◆ TASK ITEM ◆
How many lines in these records hold the string "flip"? State only that number.

◆ RECORDED INFORMATION ◆
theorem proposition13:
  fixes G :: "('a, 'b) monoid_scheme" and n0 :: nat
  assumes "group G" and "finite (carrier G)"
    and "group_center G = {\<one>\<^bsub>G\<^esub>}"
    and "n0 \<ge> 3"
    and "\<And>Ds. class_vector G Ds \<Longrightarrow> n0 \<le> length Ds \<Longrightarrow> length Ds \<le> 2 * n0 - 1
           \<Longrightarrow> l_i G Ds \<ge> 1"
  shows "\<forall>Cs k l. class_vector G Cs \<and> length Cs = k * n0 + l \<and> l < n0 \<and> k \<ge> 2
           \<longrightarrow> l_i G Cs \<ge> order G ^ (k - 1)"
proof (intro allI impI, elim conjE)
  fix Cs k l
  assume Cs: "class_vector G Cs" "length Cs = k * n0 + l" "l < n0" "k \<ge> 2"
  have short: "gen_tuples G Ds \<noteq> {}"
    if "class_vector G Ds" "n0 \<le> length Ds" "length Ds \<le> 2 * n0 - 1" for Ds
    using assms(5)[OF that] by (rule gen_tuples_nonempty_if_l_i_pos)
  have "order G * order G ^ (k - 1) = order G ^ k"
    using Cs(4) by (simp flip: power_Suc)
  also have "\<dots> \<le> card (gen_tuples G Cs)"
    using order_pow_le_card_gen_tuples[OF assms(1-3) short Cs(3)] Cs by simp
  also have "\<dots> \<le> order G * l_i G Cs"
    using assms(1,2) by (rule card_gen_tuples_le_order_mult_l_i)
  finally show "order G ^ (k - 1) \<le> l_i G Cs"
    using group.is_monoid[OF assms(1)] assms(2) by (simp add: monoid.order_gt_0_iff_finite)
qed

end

==

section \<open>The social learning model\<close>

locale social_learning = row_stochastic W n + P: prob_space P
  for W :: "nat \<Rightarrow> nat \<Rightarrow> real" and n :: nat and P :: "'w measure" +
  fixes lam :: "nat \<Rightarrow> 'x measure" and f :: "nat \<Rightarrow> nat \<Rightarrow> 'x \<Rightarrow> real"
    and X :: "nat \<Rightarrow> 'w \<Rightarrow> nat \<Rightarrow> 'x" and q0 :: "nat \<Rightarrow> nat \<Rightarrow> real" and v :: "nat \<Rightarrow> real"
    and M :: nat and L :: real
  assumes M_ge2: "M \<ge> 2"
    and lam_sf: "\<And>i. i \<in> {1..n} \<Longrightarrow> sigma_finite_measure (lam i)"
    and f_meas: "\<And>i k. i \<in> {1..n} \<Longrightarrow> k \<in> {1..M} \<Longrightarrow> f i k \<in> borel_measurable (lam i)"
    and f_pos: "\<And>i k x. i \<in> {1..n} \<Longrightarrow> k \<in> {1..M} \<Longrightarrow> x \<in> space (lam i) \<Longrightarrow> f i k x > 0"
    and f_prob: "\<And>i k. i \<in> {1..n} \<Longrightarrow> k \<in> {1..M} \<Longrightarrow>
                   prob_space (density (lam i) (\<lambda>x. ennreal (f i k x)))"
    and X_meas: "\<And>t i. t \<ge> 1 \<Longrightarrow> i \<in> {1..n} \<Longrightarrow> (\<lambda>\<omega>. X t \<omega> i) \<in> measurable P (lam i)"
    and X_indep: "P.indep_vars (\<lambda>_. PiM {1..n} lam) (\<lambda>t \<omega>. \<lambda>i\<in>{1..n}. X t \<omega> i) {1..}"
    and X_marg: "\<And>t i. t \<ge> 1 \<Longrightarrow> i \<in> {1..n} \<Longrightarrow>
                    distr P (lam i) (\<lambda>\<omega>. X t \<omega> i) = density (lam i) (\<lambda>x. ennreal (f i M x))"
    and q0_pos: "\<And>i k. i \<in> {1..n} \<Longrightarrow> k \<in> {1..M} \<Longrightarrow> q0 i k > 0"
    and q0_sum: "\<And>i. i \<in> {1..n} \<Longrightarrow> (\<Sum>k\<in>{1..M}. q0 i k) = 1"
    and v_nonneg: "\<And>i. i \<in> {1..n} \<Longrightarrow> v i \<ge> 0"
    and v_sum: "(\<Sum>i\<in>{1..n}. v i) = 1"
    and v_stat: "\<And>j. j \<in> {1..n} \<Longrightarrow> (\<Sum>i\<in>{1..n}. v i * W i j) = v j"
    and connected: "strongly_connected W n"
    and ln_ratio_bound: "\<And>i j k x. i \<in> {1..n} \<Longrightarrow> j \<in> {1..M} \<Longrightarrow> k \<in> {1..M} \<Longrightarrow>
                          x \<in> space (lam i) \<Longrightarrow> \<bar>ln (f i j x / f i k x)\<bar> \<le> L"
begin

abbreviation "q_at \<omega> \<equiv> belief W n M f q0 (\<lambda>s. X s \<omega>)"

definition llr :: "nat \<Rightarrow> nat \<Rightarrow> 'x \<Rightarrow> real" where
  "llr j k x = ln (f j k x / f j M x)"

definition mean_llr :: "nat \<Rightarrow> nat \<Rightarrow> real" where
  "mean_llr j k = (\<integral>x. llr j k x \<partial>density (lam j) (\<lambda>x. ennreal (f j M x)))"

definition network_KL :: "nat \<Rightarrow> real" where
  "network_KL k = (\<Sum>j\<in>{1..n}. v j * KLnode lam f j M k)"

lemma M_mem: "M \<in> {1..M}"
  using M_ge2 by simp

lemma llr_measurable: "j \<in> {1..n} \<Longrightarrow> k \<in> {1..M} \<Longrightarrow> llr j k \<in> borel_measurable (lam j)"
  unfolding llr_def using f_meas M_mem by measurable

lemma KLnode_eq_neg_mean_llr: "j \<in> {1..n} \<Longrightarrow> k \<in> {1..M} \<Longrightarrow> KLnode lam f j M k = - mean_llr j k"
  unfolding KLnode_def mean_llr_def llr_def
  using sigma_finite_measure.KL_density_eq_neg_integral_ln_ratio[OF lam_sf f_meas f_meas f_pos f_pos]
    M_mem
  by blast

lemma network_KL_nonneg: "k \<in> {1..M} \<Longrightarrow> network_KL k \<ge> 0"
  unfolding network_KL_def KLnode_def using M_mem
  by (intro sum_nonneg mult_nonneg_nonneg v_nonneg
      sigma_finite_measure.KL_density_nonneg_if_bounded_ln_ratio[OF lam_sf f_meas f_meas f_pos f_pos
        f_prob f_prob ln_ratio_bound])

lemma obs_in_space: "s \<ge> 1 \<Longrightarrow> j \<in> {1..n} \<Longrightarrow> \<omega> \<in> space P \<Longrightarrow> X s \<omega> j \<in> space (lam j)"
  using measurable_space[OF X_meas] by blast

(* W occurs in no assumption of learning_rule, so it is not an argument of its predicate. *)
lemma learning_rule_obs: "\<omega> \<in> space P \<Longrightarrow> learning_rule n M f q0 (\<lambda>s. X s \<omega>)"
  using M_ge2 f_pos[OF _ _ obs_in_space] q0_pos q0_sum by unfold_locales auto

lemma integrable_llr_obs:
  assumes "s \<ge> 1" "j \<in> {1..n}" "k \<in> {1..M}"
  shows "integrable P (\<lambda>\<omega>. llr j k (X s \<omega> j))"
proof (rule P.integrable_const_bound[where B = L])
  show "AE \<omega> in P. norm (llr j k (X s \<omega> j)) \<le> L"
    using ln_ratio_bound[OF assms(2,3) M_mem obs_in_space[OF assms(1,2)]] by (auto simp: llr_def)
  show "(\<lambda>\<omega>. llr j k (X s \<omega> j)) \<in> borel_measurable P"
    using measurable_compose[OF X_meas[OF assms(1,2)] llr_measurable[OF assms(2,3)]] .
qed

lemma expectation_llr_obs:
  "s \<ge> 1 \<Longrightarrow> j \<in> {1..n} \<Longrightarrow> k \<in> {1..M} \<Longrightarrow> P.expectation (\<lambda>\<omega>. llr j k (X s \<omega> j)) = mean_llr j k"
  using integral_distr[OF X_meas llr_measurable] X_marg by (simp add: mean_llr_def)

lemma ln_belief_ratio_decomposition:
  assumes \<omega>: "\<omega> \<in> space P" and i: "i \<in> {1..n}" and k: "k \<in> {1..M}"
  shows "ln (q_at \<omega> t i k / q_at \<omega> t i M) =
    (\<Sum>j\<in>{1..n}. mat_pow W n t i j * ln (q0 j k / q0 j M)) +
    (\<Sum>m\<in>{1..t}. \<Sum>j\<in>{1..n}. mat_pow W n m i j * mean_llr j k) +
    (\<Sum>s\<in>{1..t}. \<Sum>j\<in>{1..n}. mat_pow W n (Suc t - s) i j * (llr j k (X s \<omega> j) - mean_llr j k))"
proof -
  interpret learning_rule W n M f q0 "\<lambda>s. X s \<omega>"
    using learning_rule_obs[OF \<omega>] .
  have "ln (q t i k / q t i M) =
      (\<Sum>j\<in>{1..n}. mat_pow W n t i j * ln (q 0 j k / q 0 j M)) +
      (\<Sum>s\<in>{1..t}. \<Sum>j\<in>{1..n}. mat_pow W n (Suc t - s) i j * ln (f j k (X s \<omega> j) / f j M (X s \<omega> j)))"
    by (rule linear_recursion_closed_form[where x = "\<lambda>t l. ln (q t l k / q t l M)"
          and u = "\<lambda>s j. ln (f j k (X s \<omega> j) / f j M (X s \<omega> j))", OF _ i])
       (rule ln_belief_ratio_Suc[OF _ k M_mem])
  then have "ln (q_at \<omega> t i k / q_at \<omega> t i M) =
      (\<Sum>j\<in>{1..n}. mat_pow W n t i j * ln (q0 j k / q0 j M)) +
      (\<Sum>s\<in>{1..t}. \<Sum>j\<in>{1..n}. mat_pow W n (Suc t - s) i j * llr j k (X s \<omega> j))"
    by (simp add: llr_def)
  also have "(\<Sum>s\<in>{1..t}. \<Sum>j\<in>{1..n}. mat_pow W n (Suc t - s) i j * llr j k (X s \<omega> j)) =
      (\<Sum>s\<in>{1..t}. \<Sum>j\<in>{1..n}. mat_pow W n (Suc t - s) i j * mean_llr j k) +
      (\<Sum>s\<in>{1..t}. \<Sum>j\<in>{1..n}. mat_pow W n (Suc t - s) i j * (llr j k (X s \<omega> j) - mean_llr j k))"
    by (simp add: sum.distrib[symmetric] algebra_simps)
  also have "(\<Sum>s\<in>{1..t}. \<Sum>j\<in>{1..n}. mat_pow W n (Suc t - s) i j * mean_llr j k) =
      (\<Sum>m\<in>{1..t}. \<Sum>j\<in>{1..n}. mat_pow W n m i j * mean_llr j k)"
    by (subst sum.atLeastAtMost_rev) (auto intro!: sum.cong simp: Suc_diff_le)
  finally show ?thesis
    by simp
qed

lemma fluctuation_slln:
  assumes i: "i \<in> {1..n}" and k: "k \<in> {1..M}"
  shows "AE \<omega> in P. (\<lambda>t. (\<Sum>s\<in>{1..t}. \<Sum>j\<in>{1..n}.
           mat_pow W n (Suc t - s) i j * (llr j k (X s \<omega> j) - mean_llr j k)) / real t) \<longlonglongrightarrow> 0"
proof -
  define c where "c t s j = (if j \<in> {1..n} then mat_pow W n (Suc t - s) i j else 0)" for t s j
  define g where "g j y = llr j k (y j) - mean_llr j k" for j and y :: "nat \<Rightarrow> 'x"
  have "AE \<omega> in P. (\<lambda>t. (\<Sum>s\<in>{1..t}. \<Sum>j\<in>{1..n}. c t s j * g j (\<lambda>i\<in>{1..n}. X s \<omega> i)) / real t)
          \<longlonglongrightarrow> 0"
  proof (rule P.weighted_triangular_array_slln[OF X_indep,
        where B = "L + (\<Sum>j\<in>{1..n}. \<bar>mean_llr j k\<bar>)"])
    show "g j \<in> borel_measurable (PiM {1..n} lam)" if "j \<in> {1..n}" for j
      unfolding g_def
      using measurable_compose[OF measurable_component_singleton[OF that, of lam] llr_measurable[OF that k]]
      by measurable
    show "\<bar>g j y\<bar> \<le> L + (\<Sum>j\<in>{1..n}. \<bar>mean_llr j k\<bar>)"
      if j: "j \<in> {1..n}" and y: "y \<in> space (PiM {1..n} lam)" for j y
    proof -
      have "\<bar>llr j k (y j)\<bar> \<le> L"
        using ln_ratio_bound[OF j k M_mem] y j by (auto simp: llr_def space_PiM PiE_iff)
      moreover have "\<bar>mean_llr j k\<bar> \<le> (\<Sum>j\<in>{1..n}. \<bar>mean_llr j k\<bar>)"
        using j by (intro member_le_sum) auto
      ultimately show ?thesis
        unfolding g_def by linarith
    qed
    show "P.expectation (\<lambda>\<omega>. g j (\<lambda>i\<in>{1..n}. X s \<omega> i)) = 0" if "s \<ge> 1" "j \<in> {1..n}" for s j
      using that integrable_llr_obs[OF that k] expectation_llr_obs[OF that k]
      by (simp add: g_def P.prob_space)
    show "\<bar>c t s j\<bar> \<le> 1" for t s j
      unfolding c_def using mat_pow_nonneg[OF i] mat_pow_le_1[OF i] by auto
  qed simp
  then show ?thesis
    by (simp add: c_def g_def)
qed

==

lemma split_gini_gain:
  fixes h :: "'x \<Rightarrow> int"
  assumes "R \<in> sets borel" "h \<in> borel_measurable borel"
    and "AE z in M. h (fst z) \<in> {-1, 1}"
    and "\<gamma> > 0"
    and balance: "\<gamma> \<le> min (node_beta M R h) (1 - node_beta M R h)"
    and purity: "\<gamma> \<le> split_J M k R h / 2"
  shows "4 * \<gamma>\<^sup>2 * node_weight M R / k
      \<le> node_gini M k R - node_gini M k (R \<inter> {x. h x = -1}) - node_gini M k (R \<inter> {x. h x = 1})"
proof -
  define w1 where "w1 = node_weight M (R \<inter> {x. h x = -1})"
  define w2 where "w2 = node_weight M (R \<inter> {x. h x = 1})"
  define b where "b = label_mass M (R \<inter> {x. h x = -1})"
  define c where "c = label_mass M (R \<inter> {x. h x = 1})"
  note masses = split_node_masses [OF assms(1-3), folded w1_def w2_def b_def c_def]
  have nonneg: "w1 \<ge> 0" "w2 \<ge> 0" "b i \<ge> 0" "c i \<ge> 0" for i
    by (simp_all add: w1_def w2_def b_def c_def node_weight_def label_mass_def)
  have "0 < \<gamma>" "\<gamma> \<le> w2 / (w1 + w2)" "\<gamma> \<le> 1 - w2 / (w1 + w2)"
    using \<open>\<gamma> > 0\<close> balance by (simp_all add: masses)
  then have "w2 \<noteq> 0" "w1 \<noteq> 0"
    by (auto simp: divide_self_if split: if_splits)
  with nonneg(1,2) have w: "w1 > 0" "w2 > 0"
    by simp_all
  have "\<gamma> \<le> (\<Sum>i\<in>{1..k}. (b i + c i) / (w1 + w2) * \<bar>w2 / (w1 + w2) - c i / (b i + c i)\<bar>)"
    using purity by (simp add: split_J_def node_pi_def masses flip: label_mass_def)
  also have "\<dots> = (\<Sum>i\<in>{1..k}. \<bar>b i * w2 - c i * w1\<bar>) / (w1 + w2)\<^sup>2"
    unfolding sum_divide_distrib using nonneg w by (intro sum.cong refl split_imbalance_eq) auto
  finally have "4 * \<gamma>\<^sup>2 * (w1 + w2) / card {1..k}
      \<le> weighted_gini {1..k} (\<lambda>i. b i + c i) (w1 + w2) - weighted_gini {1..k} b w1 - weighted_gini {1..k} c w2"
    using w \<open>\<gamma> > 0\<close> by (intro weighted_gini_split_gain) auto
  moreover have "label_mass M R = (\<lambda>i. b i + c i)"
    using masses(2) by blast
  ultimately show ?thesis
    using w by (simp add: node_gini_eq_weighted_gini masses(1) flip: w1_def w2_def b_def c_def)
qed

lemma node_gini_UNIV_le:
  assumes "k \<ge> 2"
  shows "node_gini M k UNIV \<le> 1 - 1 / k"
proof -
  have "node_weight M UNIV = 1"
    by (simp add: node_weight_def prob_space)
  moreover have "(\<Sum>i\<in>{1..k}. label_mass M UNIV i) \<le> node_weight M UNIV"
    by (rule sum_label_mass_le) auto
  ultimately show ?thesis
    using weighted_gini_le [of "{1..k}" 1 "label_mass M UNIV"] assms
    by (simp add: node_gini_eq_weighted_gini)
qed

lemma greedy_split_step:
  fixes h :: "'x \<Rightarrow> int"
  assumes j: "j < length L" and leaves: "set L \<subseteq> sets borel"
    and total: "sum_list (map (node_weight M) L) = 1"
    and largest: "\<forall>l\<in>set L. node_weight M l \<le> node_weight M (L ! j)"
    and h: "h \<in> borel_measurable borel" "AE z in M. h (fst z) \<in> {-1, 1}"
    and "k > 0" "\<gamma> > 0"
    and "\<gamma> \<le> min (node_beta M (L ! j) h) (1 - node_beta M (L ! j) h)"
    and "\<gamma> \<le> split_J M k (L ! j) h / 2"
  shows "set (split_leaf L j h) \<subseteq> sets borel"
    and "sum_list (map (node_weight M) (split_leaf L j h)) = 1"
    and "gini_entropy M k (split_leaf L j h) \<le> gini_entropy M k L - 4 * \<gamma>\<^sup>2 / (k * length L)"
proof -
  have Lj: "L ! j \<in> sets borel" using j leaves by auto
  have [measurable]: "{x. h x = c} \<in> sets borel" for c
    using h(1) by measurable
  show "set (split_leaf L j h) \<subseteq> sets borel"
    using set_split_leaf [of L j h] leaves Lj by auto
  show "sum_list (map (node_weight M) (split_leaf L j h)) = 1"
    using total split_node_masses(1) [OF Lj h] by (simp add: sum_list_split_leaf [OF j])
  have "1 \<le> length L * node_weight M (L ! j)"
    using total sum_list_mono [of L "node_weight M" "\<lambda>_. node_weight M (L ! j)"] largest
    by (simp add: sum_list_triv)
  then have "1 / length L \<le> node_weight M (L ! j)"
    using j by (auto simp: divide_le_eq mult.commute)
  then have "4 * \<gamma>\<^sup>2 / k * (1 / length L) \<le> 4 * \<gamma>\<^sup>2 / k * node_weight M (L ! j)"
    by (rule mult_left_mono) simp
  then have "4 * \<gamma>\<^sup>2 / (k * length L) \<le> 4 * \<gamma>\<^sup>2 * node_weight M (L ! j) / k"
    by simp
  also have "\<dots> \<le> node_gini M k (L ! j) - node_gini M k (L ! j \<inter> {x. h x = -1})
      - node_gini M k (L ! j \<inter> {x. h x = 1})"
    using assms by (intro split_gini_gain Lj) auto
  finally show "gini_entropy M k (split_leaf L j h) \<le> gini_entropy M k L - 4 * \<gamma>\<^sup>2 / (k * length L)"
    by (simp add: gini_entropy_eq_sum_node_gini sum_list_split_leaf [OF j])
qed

◆ SOLUTION FOR THIS EXERCISE ◆
3